Chinese scholar predicts boom in women’s studies programs

By Deborah Gilbert
News and Information Services

Research on women in mainland China surged suddenly about 10 years ago after the national press revealed the disturbing fact that female infanticide was still practiced in the countryside, according to Wang Zheng, a doctoral student in history at the University of California, Davis, and guest lecturer at a Women’s Studies Program brown bag last Tuesday.

Simultaneously, urban Chinese women became more aware of problems created in rural areas by China’s one-child policy, as well as of the abuse of rural women who had female babies.

“Shocked, researchers in the All-China Women’s Federation—a national women’s organization— and academics launched a campaign called “Protecting the Rights and Interests of Women and Children,” and followed up with research programs on women’s issues in general,” Zheng said. “The research is being done primarily by women themselves, and has become a social movement in its own right,” she added.

An outgrowth of that research was the development of women’s studies programs, but unlike Western scholars in women’s studies, most Chinese scholars “have no concept of gender as a cultural and social construction,” Zheng said. Instead, the Chinese try to reconcile women’s studies with Marxism and examine women’s problems through the lens of traditional 19th-century scientific principles.

“They also see gender as the product of biological determinism rather than social forces, and neglect the oppressive effects of a patriarchal society on women,” Zheng said.

Chinese scholars, however, are open to new ideas and eager to explore Western concepts in women’s studies. “One said to me, ‘Marxism can’t explain all the problems of women in today’s China, so tell me about Western theories on women.’ Most find the Western concept of gender easy to grasp once it is explained because social construction is familiar to them from Marxism,” Zheng said.

In contrast to Western women’s studies, which calls for liberation and gender equity, some Chinese scholars are promoting a new ideology that Zheng has dubbed “strong femininity.” Strong femininity argues that women should strive to make themselves strong to compete with men, but simultaneously be very feminine and compete only in non-male, service-oriented fields.

Ironically, many Chinese view the femininity movement as a liberating reform because it reverses Maoist gender policy that promoted equality with men but, many Chinese believe, “masculinized” women.

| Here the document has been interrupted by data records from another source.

(* Let $n,m\ge 2$, $\phi\in(0,1]$, and let $p_M(n,m,\phi)$ be the probability that an $(n,m)$-election generated by the Mallows model with dispersion parameter $\phi$ (and any reference vote) is single-peaked. Then $$p_M(n,m,\phi)\ge\left(\frac{1+\phi(m-1)+\phi^2(m-2)(m-3)/2}{Z}\right)^n,\qquad Z=\prod_{j=1}^{m}\left(1+\phi+\cdots+\phi^{j-1}\right).$$
   Context: For total orders $V,W$ on a candidate set $C$, the Kendall tau distance $\kappa(V,W)$ is the number of unordered pairs $\{c,c'\}\subseteq C$ ordered differently by $V$ and $W$. Mallows model on a set $C$ of $m$ candidates with reference vote $V$ and dispersion $\phi\in(0,1]$: each of the $n$ votes of the election is drawn independently, a total order $W$ being chosen with probability $\phi^{\kappa(V,W)}/Z$, where $Z=\sum_{W}\phi^{\kappa(V,W)}=\prod_{j=1}^{m}(1+\phi+\cdots+\phi^{j-1})$. Given a total order $A$ on $C$, a vote contains a valley with respect to $A$ on $c_1,c_2,c_3$ if $c_2$ lies strictly between $c_1$ and $c_3$ in $A$ and the vote ranks $c_2$ below both $c_1$ and $c_3$. An election is single-peaked if there is a total order $A$ on $C$ such that no vote contains a valley with respect to $A$. *)

theory Defs
  imports Complex_Main "HOL-Combinatorics.Multiset_Permutations"
begin

text \<open>A vote (total order) on a finite candidate set C is a list that enumerates C
  without repetition; the head of the list is the most preferred candidate.\<close>

definition ranks_above :: "'a list \<Rightarrow> 'a \<Rightarrow> 'a \<Rightarrow> bool" where
  "ranks_above W a b \<longleftrightarrow> (\<exists>i j. i < j \<and> j < length W \<and> W ! i = a \<and> W ! j = b)"

text \<open>Kendall tau distance: number of unordered pairs ordered differently
  (each such pair counted once as the ordered pair (a,b) with a above b in V).\<close>
definition kendall_tau :: "'a list \<Rightarrow> 'a list \<Rightarrow> nat" where
  "kendall_tau V W = card {(a, b). ranks_above V a b \<and> ranks_above W b a}"

definition mallows_Z :: "'a set \<Rightarrow> 'a list \<Rightarrow> real \<Rightarrow> real" where
  "mallows_Z C V phi = (\<Sum>W\<in>permutations_of_set C. phi ^ kendall_tau V W)"

definition mallows_prob :: "'a set \<Rightarrow> 'a list \<Rightarrow> real \<Rightarrow> 'a list \<Rightarrow> real" where
  "mallows_prob C V phi W = phi ^ kendall_tau V W / mallows_Z C V phi"

definition has_valley :: "'a list \<Rightarrow> 'a list \<Rightarrow> 'a \<Rightarrow> 'a \<Rightarrow> 'a \<Rightarrow> bool" where
  "has_valley A W c1 c2 c3 \<longleftrightarrow>
     ((ranks_above A c1 c2 \<and> ranks_above A c2 c3) \<or> (ranks_above A c3 c2 \<and> ranks_above A c2 c1))
     \<and> ranks_above W c1 c2 \<and> ranks_above W c3 c2"
(* Let $n,m,n'$ be positive integers with $n\ge m$. Then $$\mu^*(n+n',m+1)\le \mu^*(n,m)+n'.$$
   Context: Let $\mathbb F_2=\{0,1\}$ be the field with two elements. For $u\in\mathbb F_2^n$, $|u|$ denotes the Hamming weight of $u$. A wiring on $n$ vertices is a matrix $W=(w_{i,j})\in M(n,n;\mathbb F_2)$ with $w_{i,i}=1$ for all $i$. The degree of vertex $j$ is the number of $1$s in the $j$th column of $W$. For $c\in\mathbb F_2^n$, $M(W,c)=\max\{|Wx+c| : x\in\mathbb F_2^n\}$. For $n\ge m\ge 1$, $A^*(n,m)$ is the set of wirings on $n$ vertices in which every vertex has degree exactly $m$, and $\mu^*(n,m)=\min\{M(W,0): W\in A^*(n,m)\}$. *)

theory Defs
  imports Main "HOL-Library.Z2"
begin

text \<open>F_2 is the field \<open>bit\<close>. Vectors in F_2^n are functions nat => bit supported on {0..<n};
  n x n matrices are functions nat => nat => bit supported on {0..<n} x {0..<n}.\<close>

definition vecs :: "nat \<Rightarrow> (nat \<Rightarrow> bit) set" where
  "vecs n = {x. \<forall>j. n \<le> j \<longrightarrow> x j = 0}"

definition hweight :: "nat \<Rightarrow> (nat \<Rightarrow> bit) \<Rightarrow> nat" where
  "hweight n u = card {i. i < n \<and> u i \<noteq> 0}"

definition mat_vec :: "nat \<Rightarrow> (nat \<Rightarrow> nat \<Rightarrow> bit) \<Rightarrow> (nat \<Rightarrow> bit) \<Rightarrow> (nat \<Rightarrow> bit)" where
  "mat_vec n W x = (\<lambda>i. if i < n then (\<Sum>j<n. W i j * x j) else 0)"

definition is_matrix :: "nat \<Rightarrow> (nat \<Rightarrow> nat \<Rightarrow> bit) \<Rightarrow> bool" where
  "is_matrix n W \<longleftrightarrow> (\<forall>i j. (n \<le> i \<or> n \<le> j) \<longrightarrow> W i j = 0)"

definition wiring :: "nat \<Rightarrow> (nat \<Rightarrow> nat \<Rightarrow> bit) \<Rightarrow> bool" where
  "wiring n W \<longleftrightarrow> is_matrix n W \<and> (\<forall>i<n. W i i = 1)"

definition degree :: "nat \<Rightarrow> (nat \<Rightarrow> nat \<Rightarrow> bit) \<Rightarrow> nat \<Rightarrow> nat" where
  "degree n W j = card {i. i < n \<and> W i j = 1}"

definition Mval :: "nat \<Rightarrow> (nat \<Rightarrow> nat \<Rightarrow> bit) \<Rightarrow> (nat \<Rightarrow> bit) \<Rightarrow> nat" where
  "Mval n W c = Max ((\<lambda>x. hweight n (\<lambda>i. mat_vec n W x i + c i)) ` vecs n)"

definition Astar :: "nat \<Rightarrow> nat \<Rightarrow> (nat \<Rightarrow> nat \<Rightarrow> bit) set" where
  "Astar n m = {W. wiring n W \<and> (\<forall>j<n. degree n W j = m)}"

definition mu_star :: "nat \<Rightarrow> nat \<Rightarrow> nat" where
  "mu_star n m = Min ((\<lambda>W. Mval n W (\<lambda>_. 0)) ` Astar n m)"

end

theory Submission
  imports Defs
begin

text \<open>Extend an optimal wiring \<open>W \<in> A*(n,m)\<close> by \<open>k\<close> new vertices: each new column is
  column 0 of \<open>W\<close> plus its diagonal entry, and the first new vertex \<open>n\<close> receives an edge
  from every old vertex, so all degrees grow by one. For an input \<open>x\<close>, the new coordinates act
  on the old rows exactly like adding their sum to \<open>x 0\<close>; hence the old rows of the extended
  product form a vector \<open>Wz\<close>, of weight at most \<open>M(W)\<close>, and the \<open>k\<close> new rows add at most \<open>k\<close>.\<close>

lemma hweight_le: "hweight n u \<le> n"
proof -
  have "{i. i < n \<and> u i \<noteq> 0} \<subseteq> {..<n}" by auto
  then have "card {i. i < n \<and> u i \<noteq> 0} \<le> card {..<n}" by (intro card_mono) auto
  then show ?thesis by (simp add: hweight_def)
qed

lemma finite_Mval_range: "finite ((\<lambda>x. hweight n (\<lambda>i. mat_vec n W x i + c i)) ` vecs n)"
  by (rule finite_subset[of _ "{..n}"]) (auto simp: hweight_le)

lemma Mval_le:
  assumes "\<And>x. x \<in> vecs n \<Longrightarrow> hweight n (\<lambda>i. mat_vec n W x i + c i) \<le> B"
  shows "Mval n W c \<le> B"
proof -
  have "(\<lambda>_. 0) \<in> vecs n" by (simp add: vecs_def)
  then show ?thesis
    unfolding Mval_def using finite_Mval_range[of n W c] assms by (intro Max.boundedI) auto
qed

lemma hweight_le_Mval:
  assumes "x \<in> vecs n"
  shows "hweight n (\<lambda>i. mat_vec n W x i + c i) \<le> Mval n W c"
  unfolding Mval_def using finite_Mval_range[of n W c] assms by (intro Max_ge) auto

lemma finite_mu_star_range: "finite ((\<lambda>W. Mval n W (\<lambda>_. 0)) ` Astar n m)"
  by (rule finite_subset[of _ "{..n}"]) (auto intro!: Mval_le simp: hweight_le)

lemma mu_star_le_Mval: "W \<in> Astar n m \<Longrightarrow> mu_star n m \<le> Mval n W (\<lambda>_. 0)"
  unfolding mu_star_def using finite_mu_star_range by (intro Min_le) auto

lemma mu_star_attained:
  assumes "Astar n m \<noteq> {}"
  obtains W where "W \<in> Astar n m" and "mu_star n m = Mval n W (\<lambda>_. 0)"
proof -
  have "mu_star n m \<in> (\<lambda>W. Mval n W (\<lambda>_. 0)) ` Astar n m"
    unfolding mu_star_def using finite_mu_star_range assms by (intro Min_in) auto
  then show ?thesis using that by auto
qed

text \<open>Witness: column \<open>j\<close> has its ones in the cyclic interval of rows \<open>j, \<dots>, j + m - 1 (mod n)\<close>.\<close>

lemma Astar_nonempty:
  assumes "1 \<le> m" "m \<le> n"
  shows "Astar n m \<noteq> {}"
proof -
  define W :: "nat \<Rightarrow> nat \<Rightarrow> bit" where
    "W = (\<lambda>i j. if i < n \<and> j < n \<and> ((j \<le> i \<and> i < j + m) \<or> i + n < j + m) then 1 else 0)"
  have "W \<in> Astar n m"
    unfolding Astar_def wiring_def is_matrix_def
  proof (intro CollectI conjI allI impI)
    fix i j assume "n \<le> i \<or> n \<le> j" then show "W i j = 0" by (auto simp: W_def)
  next
    fix i assume "i < n" then show "W i i = 1" using assms by (auto simp: W_def)
  next
    fix j assume j: "j < n"
    have "{i. i < n \<and> W i j = 1} = {j..<min (j+m) n} \<union> {..<j+m-n}"
      using j assms by (auto simp: W_def)
    moreover have "{j..<min (j+m) n} \<inter> {..<j+m-n} = {}" using assms by auto
    ultimately have "card {i. i < n \<and> W i j = 1} = card {j..<min (j+m) n} + card {..<j+m-n}"
      by (simp add: card_Un_disjoint)
    also have "\<dots> = m" using j assms by auto
    finally show "degree n W j = m" by (simp add: degree_def)
  qed
  then show ?thesis by blast
qed

definition pad_wiring :: "nat \<Rightarrow> nat \<Rightarrow> (nat \<Rightarrow> nat \<Rightarrow> bit) \<Rightarrow> nat \<Rightarrow> nat \<Rightarrow> bit" where
  "pad_wiring n k W = (\<lambda>i j.
     if i < n \<and> j < n then W i j
     else if i < n \<and> n \<le> j \<and> j < n + k then W i 0
     else if i = n \<and> j < n then 1
     else if n \<le> i \<and> i < n + k \<and> i = j then 1 else 0)"

definition fold_tail :: "nat \<Rightarrow> nat \<Rightarrow> (nat \<Rightarrow> bit) \<Rightarrow> nat \<Rightarrow> bit" where
  "fold_tail n k x = (\<lambda>j. if j < n then x j + (if j = 0 then (\<Sum>l\<in>{n..<n+k}. x l) else 0) else 0)"

lemma pad_wiring_in_Astar:
  assumes W: "W \<in> Astar n m" and "0 < n" and "0 < k"
  shows "pad_wiring n k W \<in> Astar (n + k) (m + 1)"
proof -
  have Wm: "is_matrix n W" "\<And>i. i < n \<Longrightarrow> W i i = 1" "\<And>j. j < n \<Longrightarrow> degree n W j = m"
    using W by (auto simp: Astar_def wiring_def)
  show ?thesis
    unfolding Astar_def wiring_def
  proof (intro CollectI conjI allI impI)
    show "is_matrix (n + k) (pad_wiring n k W)"
      using Wm(1) assms by (auto simp: is_matrix_def pad_wiring_def)
  next
    fix i assume "i < n + k" then show "pad_wiring n k W i i = 1"
      using Wm(2) by (auto simp: pad_wiring_def)
  next
    fix j assume j: "j < n + k"
    show "degree (n + k) (pad_wiring n k W) j = m + 1"
    proof (cases "j < n")
      case True
      then have "{i. i < n + k \<and> pad_wiring n k W i j = 1} = insert n {i. i < n \<and> W i j = 1}"
        using assms by (auto simp: pad_wiring_def)
      then show ?thesis using Wm(3)[OF True] by (simp add: degree_def)
    next
      case False
      then have "{i. i < n + k \<and> pad_wiring n k W i j = 1} = insert j {i. i < n \<and> W i 0 = 1}"
        using j by (auto simp: pad_wiring_def)
      then show ?thesis using Wm(3)[OF \<open>0 < n\<close>] False by (simp add: degree_def)
    qed
  qed
qed

lemma mat_vec_pad_wiring:
  assumes i: "i < n"
  shows "mat_vec (n + k) (pad_wiring n k W) x i = mat_vec n W (fold_tail n k x) i"
proof -
  define s where "s = (\<Sum>l\<in>{n..<n+k}. x l)"
  have lessThan_split: "{..<n + k} = {..<n} \<union> {n..<n+k}" by auto
  have "mat_vec (n + k) (pad_wiring n k W) x i
      = (\<Sum>j<n. pad_wiring n k W i j * x j) + (\<Sum>j\<in>{n..<n+k}. pad_wiring n k W i j * x j)"
    using i unfolding mat_vec_def lessThan_split
    by (simp only: trans_less_add1 if_True) (rule sum.union_disjoint, auto)
  also have "\<dots> = (\<Sum>j<n. W i j * x j) + (\<Sum>j\<in>{n..<n+k}. W i 0 * x j)"
    using i by (intro arg_cong2[where f = "(+)"] sum.cong) (auto simp: pad_wiring_def)
  also have "\<dots> = (\<Sum>j<n. W i j * x j) + W i 0 * s"
    by (simp only: s_def sum_distrib_left)
  also have "W i 0 * s = (\<Sum>j<n. if j = 0 then W i j * s else 0)"
    using i by (simp only: sum.delta finite_lessThan lessThan_iff) auto
  also have "\<dots> = (\<Sum>j<n. W i j * (if j = 0 then s else 0))"
    by (rule sum.cong) auto
  also have "(\<Sum>j<n. W i j * x j) + \<dots> = (\<Sum>j<n. W i j * fold_tail n k x j)"
    unfolding sum.distrib[symmetric] distrib_left[symmetric]
    by (rule sum.cong) (simp_all only: fold_tail_def s_def lessThan_iff if_True)
  finally show ?thesis using i by (simp add: mat_vec_def)
qed

lemma Mval_pad_wiring_le: "Mval (n + k) (pad_wiring n k W) c \<le> Mval n W c + k"
proof (rule Mval_le)
  fix x
  let ?Wx = "\<lambda>i. mat_vec (n + k) (pad_wiring n k W) x i + c i"
  let ?Wz = "\<lambda>i. mat_vec n W (fold_tail n k x) i + c i"
  have "{i. i < n + k \<and> ?Wx i \<noteq> 0} \<subseteq> {i. i < n \<and> ?Wz i \<noteq> 0} \<union> {n..<n+k}"
    using mat_vec_pad_wiring[of _ n k W x] by auto
  then have "hweight (n + k) ?Wx \<le> card ({i. i < n \<and> ?Wz i \<noteq> 0} \<union> {n..<n+k})"
    unfolding hweight_def by (intro card_mono) auto
  also have "\<dots> \<le> hweight n ?Wz + k"
    unfolding hweight_def using card_Un_le[of "{i. i < n \<and> ?Wz i \<noteq> 0}" "{n..<n+k}"] by simp
  also have "\<dots> \<le> Mval n W c + k"
    using hweight_le_Mval[of "fold_tail n k x" n W c] by (simp add: vecs_def fold_tail_def)
  finally show "hweight (n + k) ?Wx \<le> Mval n W c + k" .
qed

theorem lemma5p2:
  fixes n m n' :: nat
  assumes "1 \<le> m" and "m \<le> n" and "1 \<le> n'"
  shows "mu_star (n + n') (m + 1) \<le> mu_star n m + n'"
proof -
  obtain W where W: "W \<in> Astar n m" and opt: "mu_star n m = Mval n W (\<lambda>_. 0)"
    using mu_star_attained Astar_nonempty[OF assms(1,2)] by blast
  have "pad_wiring n n' W \<in> Astar (n + n') (m + 1)"
    using pad_wiring_in_Astar[OF W] assms by simp
  then have "mu_star (n + n') (m + 1) \<le> Mval (n + n') (pad_wiring n n' W) (\<lambda>_. 0)"
    by (rule mu_star_le_Mval)
  also have "\<dots> \<le> mu_star n m + n'"
    using Mval_pad_wiring_le opt by simp
  finally show ?thesis .
qed

end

“The Chinese, however, cannot afford to have wives staying at home, not bringing in a paycheck, and after all these years of working, it is too hard for most women to imagine just staying home. The word ‘housewife’ has been a pejorative term since 1958,” Zheng added.

Zheng expects women’s studies programs to mushroom in China throughout the 1990s. In September 1995, the United Nations will host the Fourth World Conference on Women in Beijing, “so the government is hastening to improve the status of Chinese women, including adding more women’s studies centers, by the next year.”

“The intellectual confrontation with thousands of Western feminists, activists and scholars from the West,” she adds, “should change research on women in China from a women’s movement advocating female consciousness to a women’s movement advocating gender consciousness.”